Task directions = Go through the data and retrieve each line that includes the string "noteq".

Records drawn from a dataset
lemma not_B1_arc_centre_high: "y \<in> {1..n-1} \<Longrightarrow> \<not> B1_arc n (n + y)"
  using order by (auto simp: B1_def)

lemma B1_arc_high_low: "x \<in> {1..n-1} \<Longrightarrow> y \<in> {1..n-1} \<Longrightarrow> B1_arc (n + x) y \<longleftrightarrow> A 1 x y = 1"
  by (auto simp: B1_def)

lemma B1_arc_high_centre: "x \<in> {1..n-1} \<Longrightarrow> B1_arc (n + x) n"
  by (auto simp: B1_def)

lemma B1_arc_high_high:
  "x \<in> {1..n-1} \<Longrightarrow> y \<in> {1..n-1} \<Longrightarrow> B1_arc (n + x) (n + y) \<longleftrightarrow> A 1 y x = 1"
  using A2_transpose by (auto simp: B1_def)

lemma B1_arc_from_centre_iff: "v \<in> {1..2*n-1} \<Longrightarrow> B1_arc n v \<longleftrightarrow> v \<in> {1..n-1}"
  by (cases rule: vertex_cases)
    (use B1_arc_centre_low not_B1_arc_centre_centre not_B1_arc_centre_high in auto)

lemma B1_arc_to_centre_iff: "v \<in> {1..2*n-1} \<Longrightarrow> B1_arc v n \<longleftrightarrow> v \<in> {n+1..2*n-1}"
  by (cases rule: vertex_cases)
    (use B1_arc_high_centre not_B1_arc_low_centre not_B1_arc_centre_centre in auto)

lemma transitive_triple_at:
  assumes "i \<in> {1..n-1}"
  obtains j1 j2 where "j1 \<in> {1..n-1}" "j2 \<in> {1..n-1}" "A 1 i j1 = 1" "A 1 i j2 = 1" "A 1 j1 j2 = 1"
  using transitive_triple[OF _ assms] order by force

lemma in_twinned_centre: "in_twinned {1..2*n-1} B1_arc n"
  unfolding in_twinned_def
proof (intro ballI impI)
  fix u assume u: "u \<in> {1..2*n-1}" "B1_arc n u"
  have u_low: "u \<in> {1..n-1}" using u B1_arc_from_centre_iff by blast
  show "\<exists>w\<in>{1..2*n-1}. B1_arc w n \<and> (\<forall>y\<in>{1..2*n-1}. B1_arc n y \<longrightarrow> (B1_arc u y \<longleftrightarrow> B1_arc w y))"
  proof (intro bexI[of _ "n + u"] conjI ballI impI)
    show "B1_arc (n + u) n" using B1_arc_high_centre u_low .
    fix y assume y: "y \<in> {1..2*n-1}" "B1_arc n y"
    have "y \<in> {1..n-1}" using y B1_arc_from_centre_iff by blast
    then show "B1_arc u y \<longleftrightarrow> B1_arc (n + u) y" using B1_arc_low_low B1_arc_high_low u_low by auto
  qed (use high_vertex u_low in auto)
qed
==
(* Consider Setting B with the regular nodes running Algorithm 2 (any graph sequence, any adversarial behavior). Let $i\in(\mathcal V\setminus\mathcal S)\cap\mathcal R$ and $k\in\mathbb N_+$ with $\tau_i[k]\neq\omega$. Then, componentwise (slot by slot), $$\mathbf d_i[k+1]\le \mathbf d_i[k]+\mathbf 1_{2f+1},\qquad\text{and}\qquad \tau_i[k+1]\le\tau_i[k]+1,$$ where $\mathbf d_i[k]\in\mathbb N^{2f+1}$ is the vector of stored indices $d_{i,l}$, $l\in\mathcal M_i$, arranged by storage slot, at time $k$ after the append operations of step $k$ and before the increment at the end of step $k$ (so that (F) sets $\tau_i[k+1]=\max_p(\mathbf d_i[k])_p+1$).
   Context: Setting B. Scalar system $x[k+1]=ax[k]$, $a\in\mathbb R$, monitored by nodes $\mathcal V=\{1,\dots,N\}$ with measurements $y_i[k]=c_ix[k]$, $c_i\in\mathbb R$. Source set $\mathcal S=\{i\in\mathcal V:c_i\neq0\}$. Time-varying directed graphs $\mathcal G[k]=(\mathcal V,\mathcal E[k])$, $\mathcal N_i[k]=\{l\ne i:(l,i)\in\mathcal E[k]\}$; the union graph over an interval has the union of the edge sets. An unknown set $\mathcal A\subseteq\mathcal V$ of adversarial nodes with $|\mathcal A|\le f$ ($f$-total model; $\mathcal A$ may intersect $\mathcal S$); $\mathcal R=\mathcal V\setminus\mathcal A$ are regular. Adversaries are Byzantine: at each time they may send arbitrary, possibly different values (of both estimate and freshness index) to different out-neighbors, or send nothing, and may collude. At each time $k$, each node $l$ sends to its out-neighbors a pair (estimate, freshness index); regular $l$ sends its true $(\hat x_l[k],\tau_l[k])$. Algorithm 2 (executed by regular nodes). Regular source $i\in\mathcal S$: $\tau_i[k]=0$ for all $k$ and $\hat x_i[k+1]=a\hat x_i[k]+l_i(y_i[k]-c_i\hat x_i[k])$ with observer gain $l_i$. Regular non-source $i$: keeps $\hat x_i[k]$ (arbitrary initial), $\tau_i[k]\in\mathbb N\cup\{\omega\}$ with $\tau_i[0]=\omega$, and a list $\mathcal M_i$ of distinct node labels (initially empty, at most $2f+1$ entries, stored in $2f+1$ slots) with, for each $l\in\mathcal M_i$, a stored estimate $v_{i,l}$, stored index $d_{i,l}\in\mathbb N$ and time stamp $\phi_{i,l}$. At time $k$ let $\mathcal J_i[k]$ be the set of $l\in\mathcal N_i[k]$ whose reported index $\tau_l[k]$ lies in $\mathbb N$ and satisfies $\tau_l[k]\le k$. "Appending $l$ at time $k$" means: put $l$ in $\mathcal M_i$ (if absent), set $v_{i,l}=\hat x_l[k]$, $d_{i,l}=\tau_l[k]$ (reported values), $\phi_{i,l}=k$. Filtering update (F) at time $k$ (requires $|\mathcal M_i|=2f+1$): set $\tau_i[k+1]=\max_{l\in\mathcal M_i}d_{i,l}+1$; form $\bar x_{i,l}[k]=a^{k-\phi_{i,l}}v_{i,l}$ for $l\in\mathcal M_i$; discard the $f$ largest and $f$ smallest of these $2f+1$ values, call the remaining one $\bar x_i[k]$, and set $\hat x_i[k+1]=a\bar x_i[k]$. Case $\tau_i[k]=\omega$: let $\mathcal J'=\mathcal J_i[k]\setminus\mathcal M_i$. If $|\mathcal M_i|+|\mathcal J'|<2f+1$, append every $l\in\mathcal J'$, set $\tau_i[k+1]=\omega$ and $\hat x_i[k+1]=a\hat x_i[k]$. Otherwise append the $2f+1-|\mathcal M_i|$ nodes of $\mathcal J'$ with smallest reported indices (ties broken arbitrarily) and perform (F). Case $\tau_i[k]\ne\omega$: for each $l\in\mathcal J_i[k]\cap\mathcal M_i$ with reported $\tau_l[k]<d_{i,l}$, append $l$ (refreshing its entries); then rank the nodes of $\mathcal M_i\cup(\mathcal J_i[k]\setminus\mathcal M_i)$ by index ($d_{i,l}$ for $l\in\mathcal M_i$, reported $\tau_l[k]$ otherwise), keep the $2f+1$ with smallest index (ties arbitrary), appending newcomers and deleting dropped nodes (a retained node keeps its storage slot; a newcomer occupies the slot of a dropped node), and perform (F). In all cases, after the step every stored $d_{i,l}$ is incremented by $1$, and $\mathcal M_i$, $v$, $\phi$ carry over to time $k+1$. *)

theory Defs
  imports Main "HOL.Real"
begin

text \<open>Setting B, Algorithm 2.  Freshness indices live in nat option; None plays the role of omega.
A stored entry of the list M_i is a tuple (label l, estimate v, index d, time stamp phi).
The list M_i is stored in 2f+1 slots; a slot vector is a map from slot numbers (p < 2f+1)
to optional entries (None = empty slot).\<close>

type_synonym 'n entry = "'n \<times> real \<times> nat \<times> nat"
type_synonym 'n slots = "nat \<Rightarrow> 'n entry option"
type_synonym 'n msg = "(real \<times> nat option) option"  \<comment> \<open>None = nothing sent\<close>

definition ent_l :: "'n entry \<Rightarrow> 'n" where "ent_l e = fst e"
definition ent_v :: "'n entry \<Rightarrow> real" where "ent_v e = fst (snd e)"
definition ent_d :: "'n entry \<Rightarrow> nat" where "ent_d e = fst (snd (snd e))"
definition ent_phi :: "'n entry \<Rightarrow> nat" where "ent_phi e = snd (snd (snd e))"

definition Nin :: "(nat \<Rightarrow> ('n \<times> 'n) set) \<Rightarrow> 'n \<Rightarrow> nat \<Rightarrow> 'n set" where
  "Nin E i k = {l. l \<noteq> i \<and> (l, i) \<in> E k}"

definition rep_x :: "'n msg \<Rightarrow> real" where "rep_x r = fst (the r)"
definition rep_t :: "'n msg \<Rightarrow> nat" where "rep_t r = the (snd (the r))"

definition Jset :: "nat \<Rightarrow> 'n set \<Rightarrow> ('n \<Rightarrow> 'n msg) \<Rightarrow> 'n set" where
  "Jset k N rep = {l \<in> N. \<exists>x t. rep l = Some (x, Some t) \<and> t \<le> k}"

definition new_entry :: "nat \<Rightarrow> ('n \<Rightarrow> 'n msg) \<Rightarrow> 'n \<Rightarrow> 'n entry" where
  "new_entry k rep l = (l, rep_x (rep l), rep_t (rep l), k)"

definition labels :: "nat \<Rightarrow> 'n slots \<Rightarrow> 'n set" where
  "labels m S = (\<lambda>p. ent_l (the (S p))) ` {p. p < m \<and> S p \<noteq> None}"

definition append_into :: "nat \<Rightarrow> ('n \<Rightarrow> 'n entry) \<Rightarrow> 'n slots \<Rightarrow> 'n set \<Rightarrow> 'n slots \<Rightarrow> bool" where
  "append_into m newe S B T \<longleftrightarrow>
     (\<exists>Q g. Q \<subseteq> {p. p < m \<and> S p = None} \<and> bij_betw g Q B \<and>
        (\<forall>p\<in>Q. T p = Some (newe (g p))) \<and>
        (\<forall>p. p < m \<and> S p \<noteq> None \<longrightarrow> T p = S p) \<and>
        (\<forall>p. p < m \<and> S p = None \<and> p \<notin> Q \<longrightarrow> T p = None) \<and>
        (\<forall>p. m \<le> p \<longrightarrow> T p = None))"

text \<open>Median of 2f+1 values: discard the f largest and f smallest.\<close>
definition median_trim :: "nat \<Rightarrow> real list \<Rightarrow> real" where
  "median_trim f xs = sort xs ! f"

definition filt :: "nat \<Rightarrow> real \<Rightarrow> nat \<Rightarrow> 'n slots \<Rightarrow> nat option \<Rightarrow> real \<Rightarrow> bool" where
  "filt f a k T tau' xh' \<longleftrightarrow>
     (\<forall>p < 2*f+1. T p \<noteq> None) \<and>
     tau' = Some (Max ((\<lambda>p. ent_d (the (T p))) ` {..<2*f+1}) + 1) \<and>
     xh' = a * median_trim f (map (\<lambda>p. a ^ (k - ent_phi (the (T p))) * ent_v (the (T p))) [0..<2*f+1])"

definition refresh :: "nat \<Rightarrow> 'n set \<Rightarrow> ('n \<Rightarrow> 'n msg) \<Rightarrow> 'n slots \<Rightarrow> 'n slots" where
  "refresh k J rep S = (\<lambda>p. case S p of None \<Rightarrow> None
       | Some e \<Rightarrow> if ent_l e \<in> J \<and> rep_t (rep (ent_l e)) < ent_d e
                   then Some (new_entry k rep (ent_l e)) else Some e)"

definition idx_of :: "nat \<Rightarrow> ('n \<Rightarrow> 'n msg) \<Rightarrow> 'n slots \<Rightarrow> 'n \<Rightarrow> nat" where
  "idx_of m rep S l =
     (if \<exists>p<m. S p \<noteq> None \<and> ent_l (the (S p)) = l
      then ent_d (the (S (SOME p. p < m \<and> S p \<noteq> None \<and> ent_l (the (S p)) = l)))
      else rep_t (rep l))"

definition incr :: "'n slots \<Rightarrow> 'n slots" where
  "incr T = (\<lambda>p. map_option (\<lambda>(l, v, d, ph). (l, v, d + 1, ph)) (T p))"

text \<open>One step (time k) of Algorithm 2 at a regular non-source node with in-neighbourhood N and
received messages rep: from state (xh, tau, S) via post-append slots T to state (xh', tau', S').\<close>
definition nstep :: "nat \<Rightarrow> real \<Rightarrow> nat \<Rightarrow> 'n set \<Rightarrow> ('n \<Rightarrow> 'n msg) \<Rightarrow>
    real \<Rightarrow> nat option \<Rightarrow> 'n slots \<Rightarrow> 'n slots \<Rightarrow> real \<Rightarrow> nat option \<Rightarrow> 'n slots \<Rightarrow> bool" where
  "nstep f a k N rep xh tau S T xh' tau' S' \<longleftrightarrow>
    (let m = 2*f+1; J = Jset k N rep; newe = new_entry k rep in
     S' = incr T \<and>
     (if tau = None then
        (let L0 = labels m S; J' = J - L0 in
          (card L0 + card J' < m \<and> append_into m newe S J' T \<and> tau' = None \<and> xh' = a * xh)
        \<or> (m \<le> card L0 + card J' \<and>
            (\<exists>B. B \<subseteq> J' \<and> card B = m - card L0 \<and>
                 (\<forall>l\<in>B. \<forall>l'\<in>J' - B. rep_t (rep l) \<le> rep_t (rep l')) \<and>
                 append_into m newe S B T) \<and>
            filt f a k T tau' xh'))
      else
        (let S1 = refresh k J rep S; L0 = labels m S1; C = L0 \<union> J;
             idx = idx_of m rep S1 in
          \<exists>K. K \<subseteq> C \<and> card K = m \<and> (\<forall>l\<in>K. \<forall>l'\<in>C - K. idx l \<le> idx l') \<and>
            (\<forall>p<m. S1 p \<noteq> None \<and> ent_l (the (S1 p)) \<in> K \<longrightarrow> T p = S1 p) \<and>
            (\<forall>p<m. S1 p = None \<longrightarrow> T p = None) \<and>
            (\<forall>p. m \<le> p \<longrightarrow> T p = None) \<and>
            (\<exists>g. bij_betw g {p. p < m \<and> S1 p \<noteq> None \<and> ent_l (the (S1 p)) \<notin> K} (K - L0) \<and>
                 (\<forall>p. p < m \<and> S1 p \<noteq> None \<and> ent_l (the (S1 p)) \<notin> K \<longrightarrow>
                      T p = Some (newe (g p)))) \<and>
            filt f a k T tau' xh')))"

Your solution =
  "Nin E i k = {l. l \<noteq> i \<and> (l, i) \<in> E k}"
  "labels m S = (\<lambda>p. ent_l (the (S p))) ` {p. p < m \<and> S p \<noteq> None}"
        (\<forall>p. p < m \<and> S p \<noteq> None \<longrightarrow> T p = S p) \<and>
     (\<forall>p < 2*f+1. T p \<noteq> None) \<and>
     (if \<exists>p<m. S p \<noteq> None \<and> ent_l (the (S p)) = l
      then ent_d (the (S (SOME p. p < m \<and> S p \<noteq> None \<and> ent_l (the (S p)) = l)))
            (\<forall>p<m. S1 p \<noteq> None \<and> ent_l (the (S1 p)) \<in> K \<longrightarrow> T p = S1 p) \<and>
            (\<exists>g. bij_betw g {p. p < m \<and> S1 p \<noteq> None \<and> ent_l (the (S1 p)) \<notin> K} (K - L0) \<and>
                 (\<forall>p. p < m \<and> S1 p \<noteq> None \<and> ent_l (the (S1 p)) \<notin> K \<longrightarrow>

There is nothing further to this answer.